> WORK ORDER
Pull out every line below holding the word "star".

> DATA
lemma lattice_fps_Cons:
  assumes "t \<noteq> 0" "\<And>k. 0 \<le> a k"
  shows "lattice_fps t ((c, lattice_measure t a) # \<nu>) = fps_const c * weights_fps a + lattice_fps t \<nu>"
  using assms by (simp add: lattice_fps_def weights_fps_def fps_ext measure_lattice_measure_point)

lemma lattice_fps_append [simp]: "lattice_fps t (\<mu> @ \<nu>) = lattice_fps t \<mu> + lattice_fps t \<nu>"
  by (simp add: lattice_fps_def fps_ext)

lemma lattice_fps_cm_scale [simp]: "lattice_fps t (cm_scale c \<nu>) = fps_const c * lattice_fps t \<nu>"
  by (simp add: lattice_fps_def fps_ext)

lemma weights_fps_Cauchy_product:
  "weights_fps (\<lambda>n. \<Sum>i\<le>n. a i * b (n - i)) = weights_fps a * weights_fps b"
  by (simp add: weights_fps_def fps_ext fps_mult_nth atLeast0AtMost)

lemma on_lattice_dirac_0 [simp]: "on_lattice t (cm_dirac 0)"
proof -
  have "summable (\<lambda>k::nat. if k = 0 then 1 else 0 :: real)"
    by (rule summable_If_finite) simp
  then show ?thesis
    unfolding cm_dirac_def return_0_eq_lattice_measure[of t] on_lattice_Cons
    by (intro conjI exI[of _ "\<lambda>k. if k = 0 then 1 else 0"]) simp_all
qed

lemma lattice_fps_dirac_0 [simp]: "t \<noteq> 0 \<Longrightarrow> lattice_fps t (cm_dirac 0) = 1"
  unfolding cm_dirac_def return_0_eq_lattice_measure[of t]
  by (subst lattice_fps_Cons) (auto simp: weights_fps_def fps_ext)

lemma cm_conv_Nil [simp]: "cm_conv [] \<nu> = []"
  by (simp add: cm_conv_def)

lemma cm_conv_Cons:
  "cm_conv ((c, M) # \<mu>) \<nu> = map (\<lambda>(d, N). (c * d, M \<star> N)) \<nu> @ cm_conv \<mu> \<nu>"
  by (simp add: cm_conv_def)

lemma
  assumes "t \<noteq> 0" "on_lattice t \<nu>" "\<And>k. 0 \<le> a k" "summable a"
  shows on_lattice_map_convolution: "on_lattice t (map (\<lambda>(d, N). (c * d, lattice_measure t a \<star> N)) \<nu>)"
    and lattice_fps_map_convolution:
      "lattice_fps t (map (\<lambda>(d, N). (c * d, lattice_measure t a \<star> N)) \<nu>)
         = fps_const c * weights_fps a * lattice_fps t \<nu>"
proof -
  let ?conv = "\<lambda>(d, N). (c * d, lattice_measure t a \<star> N)"
  have "on_lattice t (map ?conv \<nu>) \<and> lattice_fps t (map ?conv \<nu>) = fps_const c * weights_fps a * lattice_fps t \<nu>"
    using assms(2)
  proof (induction \<nu>)
    case (Cons dN \<nu>)
    obtain d b where dN: "dN = (d, lattice_measure t b)" and b: "\<And>k. 0 \<le> b k" "summable b"
      and \<nu>: "on_lattice t \<nu>"
      using Cons.prems by (cases dN) auto
    define ab where "ab = (\<lambda>n. \<Sum>i\<le>n. a i * b (n - i))"
    have ab: "\<And>n. 0 \<le> ab n" "summable ab"
      using assms(3,4) b summable_Cauchy_product[of a b] by (auto simp: ab_def intro!: sum_nonneg)
    have map_eq: "map ?conv (dN # \<nu>) = (c * d, lattice_measure t ab) # map ?conv \<nu>"
      using assms(3,4) b by (simp add: dN ab_def lattice_measure_convolution)
    have ab_fps: "weights_fps ab = weights_fps a * weights_fps b"
      by (simp add: ab_def weights_fps_Cauchy_product)
    have "on_lattice t (map ?conv (dN # \<nu>))"
      unfolding map_eq on_lattice_Cons using ab Cons.IH[OF \<nu>] by blast
    moreover
    have "lattice_fps t (map ?conv (dN # \<nu>))
        = fps_const (c * d) * weights_fps ab + lattice_fps t (map ?conv \<nu>)"
      by (simp only: map_eq lattice_fps_Cons[OF assms(1) ab(1)])
    then have "lattice_fps t (map ?conv (dN # \<nu>)) = fps_const c * weights_fps a * lattice_fps t (dN # \<nu>)"
      unfolding Cons.IH[OF \<nu>, THEN conjunct2]
      by (simp add: dN ab_fps lattice_fps_Cons[OF assms(1) b(1)] algebra_simps flip: fps_const_mult)
    ultimately show ?case ..
  qed simp
  then show "on_lattice t (map ?conv \<nu>)" "lattice_fps t (map ?conv \<nu>) = fps_const c * weights_fps a * lattice_fps t \<nu>"
    by simp_all
qed

lemma
  assumes "t \<noteq> 0" "on_lattice t \<mu>" "on_lattice t \<nu>"
  shows on_lattice_cm_conv: "on_lattice t (cm_conv \<mu> \<nu>)"
    and lattice_fps_cm_conv: "lattice_fps t (cm_conv \<mu> \<nu>) = lattice_fps t \<mu> * lattice_fps t \<nu>"
proof -
  have "on_lattice t (cm_conv \<mu> \<nu>) \<and> lattice_fps t (cm_conv \<mu> \<nu>) = lattice_fps t \<mu> * lattice_fps t \<nu>"
    using assms(2)
  proof (induction \<mu>)
    case (Cons cM \<mu>)
    obtain c a where cM: "cM = (c, lattice_measure t a)" and a: "\<And>k. 0 \<le> a k" "summable a"
      and \<mu>: "on_lattice t \<mu>"
      using Cons.prems by (cases cM) auto
    show ?case
      using Cons.IH[OF \<mu>] on_lattice_map_convolution[OF assms(1,3) a]
        lattice_fps_map_convolution[OF assms(1,3) a]
      by (simp add: cM cm_conv_Cons lattice_fps_Cons[OF assms(1) a(1)] distrib_right)
  qed simp
  then show "on_lattice t (cm_conv \<mu> \<nu>)" "lattice_fps t (cm_conv \<mu> \<nu>) = lattice_fps t \<mu> * lattice_fps t \<nu>"
    by simp_all
qed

> WRITTEN SOLUTION
  "cm_conv ((c, M) # \<mu>) \<nu> = map (\<lambda>(d, N). (c * d, M \<star> N)) \<nu> @ cm_conv \<mu> \<nu>"
  shows on_lattice_map_convolution: "on_lattice t (map (\<lambda>(d, N). (c * d, lattice_measure t a \<star> N)) \<nu>)"
      "lattice_fps t (map (\<lambda>(d, N). (c * d, lattice_measure t a \<star> N)) \<nu>)
  let ?conv = "\<lambda>(d, N). (c * d, lattice_measure t a \<star> N)"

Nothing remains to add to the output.